**Problem to work on**
Go through the records and filter out every line lacking the word "rangle"; copy the lines that remain.
*** Opening of Given data ***
(* For every positive integer $x$, the $T$-orbit $x,T(x),T^2(x),\dots$ contains an integer congruent to $2\pmod 9$.
   Context: $T(z)=z/2$ for $z$ even and $T(z)=(3z+1)/2$ for $z$ odd. *)

theory Defs
  imports Main
begin

definition T :: "int \<Rightarrow> int" where
  "T z = (if even z then z div 2 else (3 * z + 1) div 2)"

end

theory Submission
  imports Defs
begin

text \<open>
  Track the T-orbit modulo 9: an even step acts on residues as r \<mapsto> 5r and
  an odd step as r \<mapsto> 6r + 5 (both mod 9), because 2 is invertible modulo 9 with inverse 5.
  Every odd step lands in {2, 5, 8}, and from 5 the orbit reaches 2 or 8 within two
  more steps.  Residue 8 is a trap for orbits avoiding 2: an odd step keeps it at 8, while
  an even step gives 4 and then 2.  So an orbit that never hits 2 is odd from some point on.
  That contradicts two growth facts for positive integers: an even step halves, so odd terms
  occur; a run of k odd steps satisfies 2^k (T^k z + 1) = 3^k (z + 1), so the run is shorter
  than z + 1 and even terms occur.
\<close>

lemma T_mod_9:
  "T z mod 9 = (if even z then 5 * (z mod 9) else 6 * (z mod 9) + 5) mod 9"
proof (cases "even z")
  case True
  then obtain m where z: "z = 2 * m" by blast
  have "T z = m" using z by (simp add: T_def)
  then have "T z mod 9 = (m + 9 * m) mod 9" by (simp only: mod_mult_self2)
  also have "\<dots> = (5 * z) mod 9" using z by simp
  also have "\<dots> = (5 * (z mod 9)) mod 9" by (simp add: mod_mult_right_eq)
  finally show ?thesis using True by simp
next
  case False
  then obtain m where z: "z = 2 * m + 1" by (blast elim: oddE)
  have "T z = 3 * m + 2" using z by (simp add: T_def)
  then have "T z mod 9 = ((3 * m + 2) + 9 * (m + 1)) mod 9" by (simp only: mod_mult_self2)
  also have "\<dots> = (6 * z + 5) mod 9" using z by (simp add: algebra_simps)
  also have "\<dots> = (6 * (z mod 9) + 5) mod 9" by (metis mod_add_left_eq mod_mult_right_eq)
  finally show ?thesis using False by simp
qed

lemma mod_9_cases:
  fixes z :: int
  obtains "z mod 9 = 0" | "z mod 9 = 1" | "z mod 9 = 2" | "z mod 9 = 3" | "z mod 9 = 4"
    | "z mod 9 = 5" | "z mod 9 = 6" | "z mod 9 = 7" | "z mod 9 = 8"
proof -
  have "0 \<le> z mod 9" "z mod 9 < 9" by simp_all
  then show thesis using that by linarith
qed

lemma T_odd_mod_9: "odd z \<Longrightarrow> T z mod 9 \<in> {2, 5, 8}"
  by (cases z rule: mod_9_cases) (simp_all add: T_mod_9)

lemma T_mod_9_from_5: "z mod 9 = 5 \<Longrightarrow> T z mod 9 \<in> {7, 8}"
  by (simp add: T_mod_9)

lemma T_mod_9_from_7: "z mod 9 = 7 \<Longrightarrow> T z mod 9 \<in> {2, 8}"
  by (simp add: T_mod_9)

lemma odd_reaches_2_or_8:
  assumes "odd z"
  shows "\<exists>j. (T ^^ j) z mod 9 \<in> {2, 8}"
proof -
  consider "T z mod 9 \<in> {2, 8}" | "T z mod 9 = 5" using T_odd_mod_9[OF assms] by blast
  then show ?thesis
  proof cases
    case 1
    then show ?thesis by (metis funpow_0 funpow_Suc_right o_apply)
  next
    case 2
    then consider "T (T z) mod 9 = 8" | "T (T z) mod 9 = 7" using T_mod_9_from_5 by blast
    then show ?thesis
    proof cases
      case 1
      then have "(T ^^ 2) z mod 9 = 8" by (simp add: numeral_2_eq_2)
      then show ?thesis by blast
    next
      case 2
      then have "(T ^^ 3) z mod 9 \<in> {2, 8}"
        using T_mod_9_from_7 by (simp add: numeral_3_eq_3)
      then show ?thesis by blast
    qed
  qed
qed

text \<open>Residue 8 is a trap: unless the orbit hits 2 two steps later, the step is odd and
  stays at 8 (an even step goes 8 \<mapsto> 4 \<mapsto> 2).\<close>
lemma mod_9_eq_8_trap:
  assumes "z mod 9 = 8" and "T (T z) mod 9 \<noteq> 2"
  shows "odd z \<and> T z mod 9 = 8"
proof (cases "even z")
  case True
  then have "T z mod 9 = 4" using assms(1) by (simp add: T_mod_9)
  then have "T (T z) mod 9 = 2" by (simp add: T_mod_9)
  with assms(2) show ?thesis by simp
qed (use assms(1) in \<open>simp add: T_mod_9\<close>)

lemma orbit_trapped_at_8:
  assumes "z mod 9 = 8" and no2: "\<forall>k. (T ^^ k) z mod 9 \<noteq> 2"
  shows "odd ((T ^^ k) z)"
proof -
  have "(T ^^ k) z mod 9 = 8" for k
  proof (induction k)
    case (Suc k)
    have "T (T ((T ^^ k) z)) mod 9 \<noteq> 2" using no2 by (metis funpow.simps(2) o_apply)
    then show ?case using mod_9_eq_8_trap[OF Suc.IH] by simp
  qed (use assms(1) in simp)
  moreover have "T (T ((T ^^ k) z)) mod 9 \<noteq> 2" using no2 by (metis funpow.simps(2) o_apply)
  ultimately show ?thesis using mod_9_eq_8_trap by blast
qed

lemma T_pos: "z > 0 \<Longrightarrow> T z > 0"
  unfolding T_def by (cases "even z") (auto elim!: evenE oddE)

lemma T_odd_succ:
  assumes "odd z"
  shows "2 * (T z + 1) = 3 * (z + 1)"
proof -
  obtain m where z: "z = 2 * m + 1" using assms by (blast elim: oddE)
  then have "T z = 3 * m + 2" by (simp add: T_def)
  then show ?thesis using z by simp
qed

text \<open>Positive orbits contain an odd term: each even step strictly decreases the value.\<close>
lemma orbit_has_odd:
  fixes x :: int
  assumes "x > 0"
  shows "\<exists>k. odd ((T ^^ k) x)"
  using assms
proof (induction "nat x" arbitrary: x rule: less_induct)
  case less
  show ?case
  proof (cases "odd x")
    case True
    then show ?thesis by (metis funpow_0)
  next
    case False
    then have "T x > 0" "T x < x" using less.prems by (auto simp: T_def elim!: evenE)
    then obtain k where "odd ((T ^^ k) (T x))" using less.hyps by fastforce
    then show ?thesis by (metis funpow_Suc_right o_apply)
  qed
qed

lemma odd_run_identity:
  assumes "\<forall>i<k. odd ((T ^^ i) z)"
  shows "2 ^ k * ((T ^^ k) z + 1) = 3 ^ k * (z + 1)"
  using assms
proof (induction k)
  case (Suc k)
  have "2 ^ Suc k * ((T ^^ Suc k) z + 1) = 2 ^ k * (2 * (T ((T ^^ k) z) + 1))" by simp
  also have "\<dots> = 3 * (2 ^ k * ((T ^^ k) z + 1))"
    using T_odd_succ[of "(T ^^ k) z"] Suc.prems by simp
  also have "\<dots> = 3 ^ Suc k * (z + 1)" using Suc by simp
  finally show ?case .
qed simp

text \<open>Positive orbits contain an even term: 2^k divides z + 1 after k odd steps,
  so an odd run is shorter than z + 1.\<close>
lemma orbit_has_even:
  fixes z :: int
  assumes "z > 0"
  shows "\<exists>k. even ((T ^^ k) z)"
proof (rule ccontr)
  assume all_odd: "\<nexists>k. even ((T ^^ k) z)"
  define k where "k = nat (z + 1)"
  have "(2::int) ^ k dvd 3 ^ k * (z + 1)"
    using odd_run_identity[of k z] all_odd by (metis dvd_triv_left)
  then have "(2::int) ^ k dvd z + 1"
    by (simp add: coprime_dvd_mult_right_iff)
  then have "(2::int) ^ k \<le> z + 1" using assms by (simp add: zdvd_imp_le)
  moreover have "int k < 2 ^ k" by (metis less_exp of_nat_less_iff of_nat_numeral of_nat_power)
  ultimately show False using assms k_def by simp
qed

theorem mainTheorem12:
  fixes x :: int
  assumes "x > 0"
  shows "\<exists>k::nat. (T ^^ k) x mod 9 = 2"
proof (rule ccontr)
  assume "\<not> ?thesis"
  then have no2: "\<forall>k. (T ^^ k) x mod 9 \<noteq> 2" by simp
  have orbit_pos: "(T ^^ k) x > 0" for k by (induction k) (simp_all add: assms T_pos)
  obtain k where "odd ((T ^^ k) x)" using orbit_has_odd[OF assms] by blast
  then obtain j where "(T ^^ j) ((T ^^ k) x) mod 9 \<in> {2, 8}"
    using odd_reaches_2_or_8 by blast
  moreover define y where "y = (T ^^ (j + k)) x"
  moreover have shift: "(T ^^ i) y = (T ^^ (i + (j + k))) x" for i
    by (simp add: y_def funpow_add)
  ultimately have "y mod 9 = 8" using no2[rule_format, of "j + k"] by (simp add: funpow_add)
  moreover have "\<forall>i. (T ^^ i) y mod 9 \<noteq> 2" using no2 shift by simp
  ultimately have "odd ((T ^^ i) y)" for i using orbit_trapped_at_8 by blast
  then show False using orbit_has_even[OF orbit_pos[of "j + k"]] y_def by blast
qed

end
lemma factor_eigvec:
  assumes k: "k \<le> d"
  shows "((1 / (\<theta> m - \<theta> j)) \<cdot>\<^sub>m (A - \<theta> j \<cdot>\<^sub>m 1\<^sub>m (d+1))) *\<^sub>v eigvec k
       = ((\<theta> k - \<theta> j) / (\<theta> m - \<theta> j)) \<cdot>\<^sub>v eigvec k"
proof -
  have "((1 / (\<theta> m - \<theta> j)) \<cdot>\<^sub>m (A - \<theta> j \<cdot>\<^sub>m 1\<^sub>m (d+1))) *\<^sub>v eigvec k
      = (1 / (\<theta> m - \<theta> j)) \<cdot>\<^sub>v ((A - \<theta> j \<cdot>\<^sub>m 1\<^sub>m (d+1)) *\<^sub>v eigvec k)"
    by (rule smult_mat_vec) (use A_carrier in auto)
  also have "(A - \<theta> j \<cdot>\<^sub>m 1\<^sub>m (d+1)) *\<^sub>v eigvec k = A *\<^sub>v eigvec k - (\<theta> j \<cdot>\<^sub>m 1\<^sub>m (d+1)) *\<^sub>v eigvec k"
    by (rule minus_mult_distrib_mat_vec) (use A_carrier in auto)
  also have "(\<theta> j \<cdot>\<^sub>m 1\<^sub>m (d+1)) *\<^sub>v eigvec k = \<theta> j \<cdot>\<^sub>v eigvec k"
    by (subst smult_mat_vec[of _ "d+1" "d+1"]) auto
  also have "A *\<^sub>v eigvec k = \<theta> k \<cdot>\<^sub>v eigvec k" by (rule A_eigvec[OF k])
  finally show ?thesis
    by (intro eq_vecI) (auto simp: divide_inverse algebra_simps)
qed

lemma factors_eigvec:
  assumes k: "k \<le> d"
  shows "foldr (\<lambda>j M. ((1 / (\<theta> m - \<theta> j)) \<cdot>\<^sub>m (A - \<theta> j \<cdot>\<^sub>m 1\<^sub>m (d+1))) * M) L (1\<^sub>m (d+1)) \<in> carrier_mat (d+1) (d+1)
   \<and> foldr (\<lambda>j M. ((1 / (\<theta> m - \<theta> j)) \<cdot>\<^sub>m (A - \<theta> j \<cdot>\<^sub>m 1\<^sub>m (d+1))) * M) L (1\<^sub>m (d+1)) *\<^sub>v eigvec k
     = prod_list (map (\<lambda>j. (\<theta> k - \<theta> j) / (\<theta> m - \<theta> j)) L) \<cdot>\<^sub>v eigvec k"
proof (induction L)
  case (Cons j L)
  let ?F = "(1 / (\<theta> m - \<theta> j)) \<cdot>\<^sub>m (A - \<theta> j \<cdot>\<^sub>m 1\<^sub>m (d+1))"
  let ?M = "foldr (\<lambda>j M. ((1 / (\<theta> m - \<theta> j)) \<cdot>\<^sub>m (A - \<theta> j \<cdot>\<^sub>m 1\<^sub>m (d+1))) * M) L (1\<^sub>m (d+1))"
  let ?p = "prod_list (map (\<lambda>j. (\<theta> k - \<theta> j) / (\<theta> m - \<theta> j)) L)"
  have F: "?F \<in> carrier_mat (d+1) (d+1)" using A_carrier by auto
  have M: "?M \<in> carrier_mat (d+1) (d+1)" and My: "?M *\<^sub>v eigvec k = ?p \<cdot>\<^sub>v eigvec k" using Cons by auto
  have "(?F * ?M) *\<^sub>v eigvec k = ?F *\<^sub>v (?M *\<^sub>v eigvec k)"
    by (rule assoc_mult_mat_vec[OF F M]) simp
  also have "\<dots> = ?p \<cdot>\<^sub>v (?F *\<^sub>v eigvec k)" unfolding My by (rule mult_mat_vec[OF F]) simp
  also have "\<dots> = prod_list (map (\<lambda>j. (\<theta> k - \<theta> j) / (\<theta> m - \<theta> j)) (j # L)) \<cdot>\<^sub>v eigvec k"
    unfolding factor_eigvec[OF k] by (simp add: smult_smult_assoc mult_ac)
  finally show ?case using F M by simp
qed simp

lemma E_carrier: "E m \<in> carrier_mat (d+1) (d+1)"
  unfolding prim_idem_def by (rule conjunct1[OF factors_eigvec[OF le0]])

text \<open>\<open>E\<^sub>m y\<^sub>k = \<delta>\<^sub>m\<^sub>k y\<^sub>k\<close>: the factor \<open>j = k\<close> kills \<open>y\<^sub>k\<close> unless \<open>k = m\<close>, where all factors are \<open>1\<close>.\<close>
lemma E_eigvec:
  assumes m: "m \<le> d" and k: "k \<le> d"
  shows "E m *\<^sub>v eigvec k = (if k = m then eigvec k else 0\<^sub>v (d+1))"
proof -
  let ?L = "filter (\<lambda>j. j \<noteq> m) [0..<d+1]"
  let ?f = "\<lambda>j. (\<theta> k - \<theta> j) / (\<theta> m - \<theta> j)"
  have e: "E m *\<^sub>v eigvec k = prod_list (map ?f ?L) \<cdot>\<^sub>v eigvec k"
    unfolding prim_idem_def using factors_eigvec[OF k] by blast
  show ?thesis
  proof (cases "k = m")
    case True
    have "prod_list (map ?f ?L) = 1"
      by (rule prod_list_map_one) (use True m theta_neq in \<open>auto simp del: upt_Suc\<close>)
    thus ?thesis using e True by simp
  next
    case False
    have "k \<in> set ?L" using k False by (auto simp del: upt_Suc)
    hence "prod_list (map ?f ?L) = 0" by (force simp: prod_list_zero_iff)
    thus ?thesis using e False by (intro eq_vecI) auto
  qed
qed

lemma E_comb_eigvec: "m \<le> d \<Longrightarrow> E m *\<^sub>v comb d \<beta> eigvec = \<beta> m \<cdot>\<^sub>v eigvec m"
proof -
  assume m: "m \<le> d"
  have "E m *\<^sub>v comb d \<beta> eigvec = comb d \<beta> (\<lambda>k. E m *\<^sub>v eigvec k)"
    by (rule mat_comb[OF E_carrier]) simp
  also have "\<dots> = comb d \<beta> (\<lambda>k. if k = m then eigvec m else 0\<^sub>v (d+1))"
    by (rule comb_cong_family) (use m E_eigvec in auto)
  also have "\<dots> = \<beta> m \<cdot>\<^sub>v eigvec m" by (rule comb_single_family[OF eigvec_carrier m])
  finally show ?thesis .
qed

lemma eigvec_indep: "indep d eigvec"
  unfolding indep_def
proof (intro allI impI)
  fix \<beta> m assume z: "comb d \<beta> eigvec = 0\<^sub>v (d+1)" and m: "m \<le> d"
  have "E m *\<^sub>v 0\<^sub>v (d+1) = 0\<^sub>v (d+1)" using E_carrier[of m] by (intro eq_vecI) auto
  hence "\<beta> m \<cdot>\<^sub>v eigvec m = 0\<^sub>v (d+1)" using E_comb_eigvec[OF m, of \<beta>] z by simp
  thus "\<beta> m = 0" using smult_nonzero_vec_eq_zero[OF eigvec_carrier eigvec_nonzero] by blast
qed

lemma eigvec_spans: "spans d eigvec"
  by (rule indep_spans[OF _ eigvec_indep]) simp

abbreviation D :: "'a mat" where "D \<equiv> dual_mat d \<theta>s Es"

lemma dual_foldr:
  assumes L: "set L \<subseteq> {..d}"
  shows "foldr (\<lambda>i M. \<theta>s i \<cdot>\<^sub>m Es i + M) L (0\<^sub>m (d+1) (d+1)) \<in> carrier_mat (d+1) (d+1)
    \<and> foldr (\<lambda>i M. \<theta>s i \<cdot>\<^sub>m Es i + M) L (0\<^sub>m (d+1) (d+1)) *\<^sub>v comb d F v
      = comb d (\<lambda>i. (\<Sum>l\<leftarrow>L. if l = i then \<theta>s l else 0) * F i) v"
  using L
proof (induction L)
  case Nil
  show ?case by (simp, intro eq_vecI) auto
next
  case (Cons l L)
  let ?M = "foldr (\<lambda>i M. \<theta>s i \<cdot>\<^sub>m Es i + M) L (0\<^sub>m (d+1) (d+1))"
  have l: "l \<le> d" using Cons by auto
  have M: "?M \<in> carrier_mat (d+1) (d+1)"
    and Mv: "?M *\<^sub>v comb d F v = comb d (\<lambda>i. (\<Sum>l\<leftarrow>L. if l = i then \<theta>s l else 0) * F i) v"
    using Cons by auto
  have Ec: "\<theta>s l \<cdot>\<^sub>m Es l \<in> carrier_mat (d+1) (d+1)" using Es_carrier[OF l] by simp
  have "(\<theta>s l \<cdot>\<^sub>m Es l + ?M) *\<^sub>v comb d F v = (\<theta>s l \<cdot>\<^sub>m Es l) *\<^sub>v comb d F v + ?M *\<^sub>v comb d F v"
    by (rule add_mult_distrib_mat_vec[OF Ec M]) simp
  also have "(\<theta>s l \<cdot>\<^sub>m Es l) *\<^sub>v comb d F v = \<theta>s l \<cdot>\<^sub>v (Es l *\<^sub>v comb d F v)"
    by (rule smult_mat_vec[OF Es_carrier[OF l]]) simp
  also have "\<dots> = comb d (\<lambda>i. if i = l then \<theta>s l * F l else 0) v"
    unfolding Es_comb[OF l] using comb_single[of l d v "\<theta>s l * F l"] l v_carrier[OF l]
    by (simp add: smult_smult_assoc)
  finally have "(\<theta>s l \<cdot>\<^sub>m Es l + ?M) *\<^sub>v comb d F v
      = comb d (\<lambda>i. (if i = l then \<theta>s l * F l else 0) + (\<Sum>l\<leftarrow>L. if l = i then \<theta>s l else 0) * F i) v"
    unfolding Mv comb_add .
  also have "\<dots> = comb d (\<lambda>i. (\<Sum>l\<leftarrow>l # L. if l = i then \<theta>s l else 0) * F i) v"
    by (rule comb_cong) (auto simp: algebra_simps)
  finally show ?case using Ec M by simp
qed

lemma D_carrier: "D \<in> carrier_mat (d+1) (d+1)"
  unfolding dual_mat_def by (rule conjunct1[OF dual_foldr[of "[0..<d+1]"]]) (auto simp del: upt_Suc)

lemma D_comb: "D *\<^sub>v comb d F v = comb d (\<lambda>i. \<theta>s i * F i) v"
proof -
  have "D *\<^sub>v comb d F v = comb d (\<lambda>i. (\<Sum>l\<leftarrow>[0..<d+1]. if l = i then \<theta>s l else 0) * F i) v"
    unfolding dual_mat_def by (rule conjunct2[OF dual_foldr]) auto
  also have "\<dots> = comb d (\<lambda>i. \<theta>s i * F i) v"
  proof (rule comb_cong)
    fix i assume i: "i \<le> d"
    have "(\<Sum>l\<leftarrow>[0..<d+1]. if l = i then \<theta>s l else 0) = (\<Sum>l\<in>{0..<d+1}. if l = i then \<theta>s l else 0)"
      by (simp add: sum_set_upt_conv_sum_list_nat[symmetric] del: upt_Suc)
    also have "\<dots> = \<theta>s i" using i by simp
    finally show "(\<Sum>l\<leftarrow>[0..<d+1]. if l = i then \<theta>s l else 0) * F i = \<theta>s i * F i" by simp
  qed
  finally show ?thesis .
qed

subsection \<open>A weight form making the tridiagonal matrix symmetric\<close>

text \<open>With weights \<open>\<kappa>\<^sub>0 = 1\<close>, \<open>\<kappa>\<^sub>i\<^sub>+\<^sub>1 c\<^sub>i\<^sub>+\<^sub>1 = \<kappa>\<^sub>i b\<^sub>i\<close>, the tridiagonal matrix is self-adjoint for
  the bilinear form \<open>\<langle>F, G\<rangle> = \<Sum>\<^sub>i \<kappa>\<^sub>i F\<^sub>i G\<^sub>i\<close>.\<close>
fun weight :: "nat \<Rightarrow> 'a" where
  "weight 0 = 1"
| "weight (Suc i) = weight i * b i / c (Suc i)"

definition wform :: "(nat \<Rightarrow> 'a) \<Rightarrow> (nat \<Rightarrow> 'a) \<Rightarrow> 'a" where
  "wform F G = (\<Sum>i\<le>d. weight i * F i * G i)"

lemma wform_comm: "wform F G = wform G F"
  unfolding wform_def by (simp add: mult_ac)

lemma wform_cong: "(\<And>i. i \<le> d \<Longrightarrow> F i = F' i) \<Longrightarrow> (\<And>i. i \<le> d \<Longrightarrow> G i = G' i) \<Longrightarrow> wform F G = wform F' G'"
  unfolding wform_def by (rule sum.cong) auto

lemma wform_sum_right: "wform F (\<lambda>i. \<Sum>k\<le>d. \<beta> k * G k i) = (\<Sum>k\<le>d. \<beta> k * wform F (G k))"
  unfolding wform_def sum_distrib_left by (subst sum.swap) (simp add: mult_ac)

lemma wform_scale: "wform (\<lambda>i. t * F i) G = t * wform F G"
  unfolding wform_def sum_distrib_left by (simp add: mult_ac)

text \<open>\<open>\<langle>TF, G\<rangle>\<close> written in a form symmetric in \<open>F\<close> and \<open>G\<close>.\<close>
lemma wform_tri_apply:
  "wform (tri_apply F) G = (\<Sum>i\<le>d. weight i * a i * F i * G i)
     + (\<Sum>i<d. weight i * b i * (F (i+1) * G i + F i * G (i+1)))"
proof -
  have "wform (tri_apply F) G = (\<Sum>i\<le>d. if i < d then weight i * b i * F (i+1) * G i else 0)
     + (\<Sum>i\<le>d. weight i * a i * F i * G i) + (\<Sum>i\<le>d. if i \<ge> 1 then weight i * c i * F (i-1) * G i else 0)"
    unfolding wform_def sum.distrib[symmetric] by (rule sum.cong) (auto simp: tri_apply_simp algebra_simps)
  also have "(\<Sum>i\<le>d. if i < d then weight i * b i * F (i+1) * G i else 0) = (\<Sum>i<d. weight i * b i * F (i+1) * G i)"
    by (rule sum_atMost_if_less)
  also have "(\<Sum>i\<le>d. if i \<ge> 1 then weight i * c i * F (i-1) * G i else 0) = (\<Sum>i<d. weight i * b i * F i * G (i+1))"
    unfolding sum_atMost_if_ge1 by (rule sum.cong) (use c_nonzero in auto)
  finally show ?thesis by (simp add: sum.distrib algebra_simps)
qed

lemma tri_apply_self_adjoint: "wform (tri_apply F) G = wform F (tri_apply G)"
  unfolding wform_comm[of F] wform_tri_apply by (simp add: algebra_simps)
*** Close of Given data ***
**Solution to the problem**
  the bilinear form \<open>\<langle>F, G\<rangle> = \<Sum>\<^sub>i \<kappa>\<^sub>i F\<^sub>i G\<^sub>i\<close>.\<close>
text \<open>\<open>\<langle>TF, G\<rangle>\<close> written in a form symmetric in \<open>F\<close> and \<open>G\<close>.\<close>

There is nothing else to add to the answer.